Trevor looked like he wanted to strangle the man, but he wisely decided not to engage. Justice Bauman was talking to a policeman on the landing, and a few minutes later the police allowed the boarders to return to their rooms.

But the damage had been done.

By the end of the evening, eight of their boarders informed her father they were moving elsewhere. In ten days the payment on their mortgage was due, and their ability to pay it was dwindling by the hour.

* * * *

Kate was unable to sleep as she lay on the sofa and stared out at the starlit night. Trevor was so passionate in seeking a cure for tuberculosis, but he was out of his league now. While she wasn’t sure how to handle things either, her sitting on this sofa and doing nothing was getting them nowhere. If Trevor couldn’t solve the problem, then she would.

At half past three in the morning she heard Tick stirring abovestairs, preparing for his four o’clock shift at the hospital. She was dressed and waiting when he came downstairs.

“I’m coming with you,” she said.

“No, you’re not,” he replied, keeping his voice to a whisper. “You’re going back to bed.” They had been trained since childhood to keep quiet until all the boarders were awake.

She took a step toward him and fastened the ties of her cloak. “First of all, I have a sofa, not a bed. And I’m not setting foot in my bedroom until we figure out what’s going on. I need to go to the hospital with you.”

“I don’t think that’s a good idea.”

She pulled up the hood of her cloak. “The surgery was ten days ago. I’m perfectly fine now, and I need time in the office without Trevor breathing down my neck.” When Tick still looked uncomfortable, she redoubled her efforts. “Trevor is the most closemouthed and stubborn man alive. He won’t reveal anything of his past to me, and you can be certain he hasn’t been forthcoming with the police either. I need to find out where he
was during a two-year period in his past. I think it’s the source of all these troubles.”

Tick finally relented, and by four o’clock they were at the hospital. No one was about the place this early in the morning, their footsteps echoing in the darkened hallways. After Tick switched positions with the marine who stood the night guard, Kate unlocked the door to the office she shared with Trevor.

She swallowed back a lump of guilt as she sat in Trevor’s chair, telling herself if he weren’t so secretive she wouldn’t be forced to invade his privacy this way. Her heart pounding, she slid open the top drawer.

A tray of pencils, a pair of scissors, some paper clips, and a slim medical dictionary.

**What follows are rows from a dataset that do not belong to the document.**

lemma charvec_root: "charvec n {1..n} = ones n"
  unfolding charvec_def ones_def pairs_def by auto

lemma minkowski_sum_eq_set_plus: "minkowski_sum A B = A + B"
  unfolding minkowski_sum_def set_plus_def plus_fun_def by blast

lemma mem_line_plus_cone_gen:
  "x \<in> {(\<lambda>e. t * l e) | t. True} + cone_gen I g \<longleftrightarrow>
     (\<exists>t c. (\<forall>i\<in>I. 0 \<le> c i) \<and> x = (\<lambda>e. t * l e + (\<Sum>i\<in>I. c i * g i e)))"
  unfolding set_plus_def cone_gen_def plus_fun_def by auto

lemma line_plus_line:
  "{(\<lambda>e. t * l e) | t. True} + {(\<lambda>e. t * l e) | t. True} = {(\<lambda>e. t * l e :: real) | t. True}"
proof (intro set_eqI iffI)
  fix x assume "x \<in> {(\<lambda>e. t * l e) | t. True} + {(\<lambda>e. t * l e) | t. True}"
  then obtain s t where "x = (\<lambda>e. s * l e) + (\<lambda>e. t * l e)" unfolding set_plus_def by blast
  then have "x = (\<lambda>e. (s + t) * l e)" by (simp add: plus_fun_def algebra_simps)
  then show "x \<in> {(\<lambda>e. t * l e) | t. True}" by blast
next
  fix x assume "x \<in> {(\<lambda>e. t * l e :: real) | t. True}"
  moreover have "x = x + (\<lambda>e. 0 * l e)" by (simp add: plus_fun_def)
  ultimately show "x \<in> {(\<lambda>e. t * l e) | t. True} + {(\<lambda>e. t * l e) | t. True}"
    unfolding set_plus_def by blast
qed

lemma sum_zero_extension:
  fixes f :: "'i \<Rightarrow> real"
  assumes "finite J" "I \<subseteq> J"
  shows "(\<Sum>i\<in>J. (if i \<in> I then c i else 0) * f i) = (\<Sum>i\<in>I. c i * f i)"
  by (rule sum.mono_neutral_cong_right) (use assms in auto)
lemma star_mult [simp]:
  assumes s: "s \<in> A" and t: "t \<in> A" and d: "dm s = cd t"
  shows "iv (s \<cdot> t) = iv t \<cdot> iv s"
proof -
  have c: "iv s \<cdot> s \<cdot> t \<cdot> iv t = t \<cdot> iv t \<cdot> iv s \<cdot> s"
    using idem_commute[of "iv s \<cdot> s" "t \<cdot> iv t"] s t d by simp
  have "s \<cdot> t \<cdot> iv t \<cdot> iv s \<cdot> s \<cdot> t = s \<cdot> (t \<cdot> iv t \<cdot> iv s \<cdot> s) \<cdot> t"
    using s t d by simp
  also have "\<dots> = s \<cdot> (iv s \<cdot> s \<cdot> t \<cdot> iv t) \<cdot> t" using c by simp
  also have "\<dots> = s \<cdot> t" using s t d by simp
  finally have e1: "s \<cdot> t \<cdot> iv t \<cdot> iv s \<cdot> s \<cdot> t = s \<cdot> t" .
  have "iv t \<cdot> iv s \<cdot> s \<cdot> t \<cdot> iv t \<cdot> iv s = iv t \<cdot> (iv s \<cdot> s \<cdot> t \<cdot> iv t) \<cdot> iv s"
    using s t d by simp
  also have "\<dots> = iv t \<cdot> (t \<cdot> iv t \<cdot> iv s \<cdot> s) \<cdot> iv s" using c by simp
  also have "\<dots> = iv t \<cdot> iv s" using s t d by simp
  finally have e2: "iv t \<cdot> iv s \<cdot> s \<cdot> t \<cdot> iv t \<cdot> iv s = iv t \<cdot> iv s" .
  have "is_inv S (s \<cdot> t) (iv t \<cdot> iv s)"
    unfolding is_inv_def comp_def using s t d e1 e2 by simp
  thus ?thesis using star_unique s t d by simp
qed

lemma idem_conjugate:
  assumes f: "idem S f" and p: "p \<in> A" and d: "dm f = cd p"
  shows "idem S (iv p \<cdot> f \<cdot> p)"
proof -
  have c: "f \<cdot> p \<cdot> iv p \<cdot> f \<cdot> p = p \<cdot> iv p \<cdot> f \<cdot> f \<cdot> p"
    using idem_commute_left[OF f idem_mult_star[OF p], of "f \<cdot> p"] f p d by (simp add: idem_iff)
  have "(iv p \<cdot> f \<cdot> p) \<cdot> (iv p \<cdot> f \<cdot> p) = iv p \<cdot> (f \<cdot> p \<cdot> iv p \<cdot> f \<cdot> p)"
    using f p d by (simp add: idem_iff)
  also have "\<dots> = iv p \<cdot> f \<cdot> p" using c f p d idem_mult_left[OF f, of p] by (simp add: idem_iff)
  finally show ?thesis using f p d by (simp add: idem_iff)
qed

lemma nat_leD: "nat_le S a b \<Longrightarrow> a \<in> A \<and> b \<in> A \<and> dm a = dm b \<and> cd a = cd b"
  unfolding nat_le_def by auto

The rest of the drawers were equally devoid of personal details. She turned in the chair, thinking . . .

The locked file was surely her best clue for wherever he was during the years 1887–88. Another search of Trevor’s desk failed to turn up the key. She ran her hands along the underside of the drawers to see if perhaps the key had been secured there. But after ten minutes of searching, she was certain there was no key in his desk.

Then it came to her. Tick knew how to pick a lock. They had used his skills more than once when boarders had accidentally locked themselves out of a room. She tipped her head outside the office door and saw him standing guard at the back entrance. She smiled, and he gave her a brisk nod in reply.

“Good morning, ma’am,” he said before riveting his eyes straight ahead.

She loved it when he put on his grown-up façade. “Tick, I need a favor.”

He glared at her.

She cleared her throat and tried again. “Private Norton, I need assistance in the office.”

He glanced up and down the halls. All was still except for the night nurse, who was paging through a vaudeville magazine at the front of the clinic. He reluctantly followed her into the office.

She gestured to the locked file drawer beside Trevor’s desk. “I need you to pick the lock on that drawer,” she said.

“Forget it.”

“It’s not like I’m ransacking his files for fun. I just need to find out where he was during those two years. I think it may be behind what’s happening at the boardinghouse.”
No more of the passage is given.